Electoral violence could be regarded as election-motivated crisis employed to alter, change or influence by force

or coercion, the electoral behavior of voters or voting patterns or possibly reverse electoral decisions in favor of

a particular individual, group or political party. It could be seen as any violence (harm) or threat that is aimed at

any person or property involved in the electoral process, or at disputing any part of the electoral or political

process during the election period [6]. Electoral violence could be before the election thus involving such

activities that inflict any form of injury to the democratic system and its constituent, campaigns and actual

voting. Such violence could also be a post-election phenomenon which comes consequent on the manipulation

of election result, rejection of results and democratic transition i.e. from one leadership regime to another [7;8].

According to [1] there are different manifestations of electoral violence. They include murder, arson, abduction,

assault, violent seizure and destruction of electoral materials.

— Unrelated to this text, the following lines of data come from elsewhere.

lemma col2_eta: "tgt K m = bip K A B \<Longrightarrow> col2 K (pr1 K A B \<cdot> m) (pr2 K A B \<cdot> m) = m"
  unfolding col2_def by (simp flip: cmp_assoc cadd_cmp add: biproduct_cid)

lemma row2_eta: "src K m = bip K A B \<Longrightarrow> row2 K (m \<cdot> (pr1 K A B)\<^sup>\<dagger>) (m \<cdot> (pr2 K A B)\<^sup>\<dagger>) = m"
  unfolding row2_def by (simp flip: cmp_cadd add: biproduct_cid)

lemma col2_cmp [simp]: "src K x = src K y \<Longrightarrow> tgt K f = src K x \<Longrightarrow> col2 K x y \<cdot> f = col2 K (x \<cdot> f) (y \<cdot> f)"
  unfolding col2_def by simp

lemma cmp_row2 [simp]: "tgt K a = tgt K b \<Longrightarrow> src K g = tgt K a \<Longrightarrow> g \<cdot> row2 K a b = row2 K (g \<cdot> a) (g \<cdot> b)"
  unfolding row2_def by simp

lemma row2_cmp_col2 [simp]:
  "src K x = src K y \<Longrightarrow> tgt K a = tgt K b \<Longrightarrow> src K a = tgt K x \<Longrightarrow> src K b = tgt K y \<Longrightarrow>
   row2 K a b \<cdot> col2 K x y = a \<cdot> x \<boxplus> b \<cdot> y"
  unfolding row2_def by simp

lemma dag_col2 [simp]: "src K x = src K y \<Longrightarrow> (col2 K x y)\<^sup>\<dagger> = row2 K (x\<^sup>\<dagger>) (y\<^sup>\<dagger>)"
  unfolding row2_def col2_def by simp

lemma dag_row2 [simp]: "tgt K a = tgt K b \<Longrightarrow> (row2 K a b)\<^sup>\<dagger> = col2 K (a\<^sup>\<dagger>) (b\<^sup>\<dagger>)"
  unfolding row2_def col2_def by simp

lemma col2_cadd [simp]:
  "src K x = src K y \<Longrightarrow> src K x' = src K y' \<Longrightarrow> src K x = src K x' \<Longrightarrow>
   tgt K x = tgt K x' \<Longrightarrow> tgt K y = tgt K y' \<Longrightarrow>
   col2 K x y \<boxplus> col2 K x' y' = col2 K (x \<boxplus> x') (y \<boxplus> y')"
  by (rule trans[OF col2_eta[symmetric, of _ "tgt K x" "tgt K y"]]) simp_all

lemma row2_cadd [simp]:
  "tgt K a = tgt K b \<Longrightarrow> tgt K a' = tgt K b' \<Longrightarrow> tgt K a = tgt K a' \<Longrightarrow>
   src K a = src K a' \<Longrightarrow> src K b = src K b' \<Longrightarrow>
   row2 K a b \<boxplus> row2 K a' b' = row2 K (a \<boxplus> a') (b \<boxplus> b')"
  by (rule trans[OF row2_eta[symmetric, of _ "src K a" "src K b"]]) simp_all

lemma row2_col2_eq_col2_row2 [simp]:
  "src K a = src K c \<Longrightarrow> src K b = src K d \<Longrightarrow> tgt K a = tgt K b \<Longrightarrow> tgt K c = tgt K d \<Longrightarrow>
   row2 K (col2 K a c) (col2 K b d) = col2 K (row2 K a b) (row2 K c d)"
  by (rule trans[OF col2_eta[symmetric, of _ "tgt K a" "tgt K c"]]) simp_all

lemma pr1_eq_row2: "pr1 K A B = row2 K (cid K A) (czero K B A)"
  by (rule trans[OF row2_eta[symmetric, of _ A B]]) simp_all

lemma pr2_eq_row2: "pr2 K A B = row2 K (czero K A B) (cid K B)"
  by (rule trans[OF row2_eta[symmetric, of _ A B]]) simp_all


lemma conditional_composite_block:
  assumes "src K f = A" "tgt K f = B" "src K g = A" "tgt K g = C"
    and "src K \<alpha> = B" "tgt K \<alpha> = B" "src K \<beta> = C" "tgt K \<beta> = B" "src K \<delta> = C" "tgt K \<delta> = C"
    and "src K s = X" "tgt K s = B" "src K t = X" "tgt K t = C"
    and "src K k = B" "tgt K k = C" "src K h = A" "tgt K h = C"
    and "src K q = C" "tgt K q = C" "src K y = X" "tgt K y = C"
  shows "conditional_composite K X A B C (col2 K f g, mat2 K \<alpha> \<beta> (\<beta>\<^sup>\<dagger>) \<delta>, col2 K s t) (row2 K k h, q, y)
    = (col2 K f (k \<cdot> f \<boxplus> h), mat2 K \<alpha> (\<alpha> \<cdot> k\<^sup>\<dagger>) (k \<cdot> \<alpha>) (q \<boxplus> k \<cdot> \<alpha> \<cdot> k\<^sup>\<dagger>), col2 K s (y \<boxplus> k \<cdot> s))"
  using assms
  by (simp add: conditional_composite_def gcomp_def gtensor_def gid_def glift_def gcopy_def gdel_def
      bassoc_def dsum_def mat2_def pr1_eq_row2 pr2_eq_row2)


lemma mp_inverseD:
  assumes "mp_inverse K f h"
  shows "src K h = tgt K f" "tgt K h = src K f" "f \<cdot> h \<cdot> f = f" "h \<cdot> f \<cdot> h = h"
    "h\<^sup>\<dagger> \<cdot> f\<^sup>\<dagger> = f \<cdot> h" "f\<^sup>\<dagger> \<cdot> h\<^sup>\<dagger> = h \<cdot> f"
  using assms unfolding mp_inverse_def by auto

These acts are all perpetuated by individuals and

groups with the intention of influencing the outcome of elections or deter elected officers from consolidating

their positions after elections. Reference [9]  in [1] concluded that electoral violence can be subsumed under

political violence and only constitute but a part of political violence.

  1. 5 WEAK GOVERNANCE AND CORRUPTION

Weak governance and corrupt practices are some of the causes of structural violence. Corruption hinders

development, creates unemployment thereby making people desperate enough to seek out financial avenues

through crime and violence just to survive. An average of 4 to 8 billion per year was reportedly lost to

corruption between 1999 and 2007.

Corruption is closely linked to political violence in Nigeria because such stolen funds are used to pay for the

services and weapons used for electoral violence as well as ‘buy the minds’ of the financially-constrained

security agencies among other sharp corrupt practices.

It is pitiable that our political leaders and other government functionaries who lack moral rectitude are still

saddled with the responsibility of pontificating in most electoral issues (which they are even complicit to), all

because they control the finances of the state. Though the Economic and financial agencies saddled with such

“Check mate” responsibilities have achieved a substantial success, a lot more need to be done to that direction.

It is notable here that the increasing trajectory of abuse of rule of law provides enabling ground for private

security, militia and thugs to thrive because politics has become  a war unlike what it used to be referred to ie, a

process, game of luck or a democratic system of selection and transition.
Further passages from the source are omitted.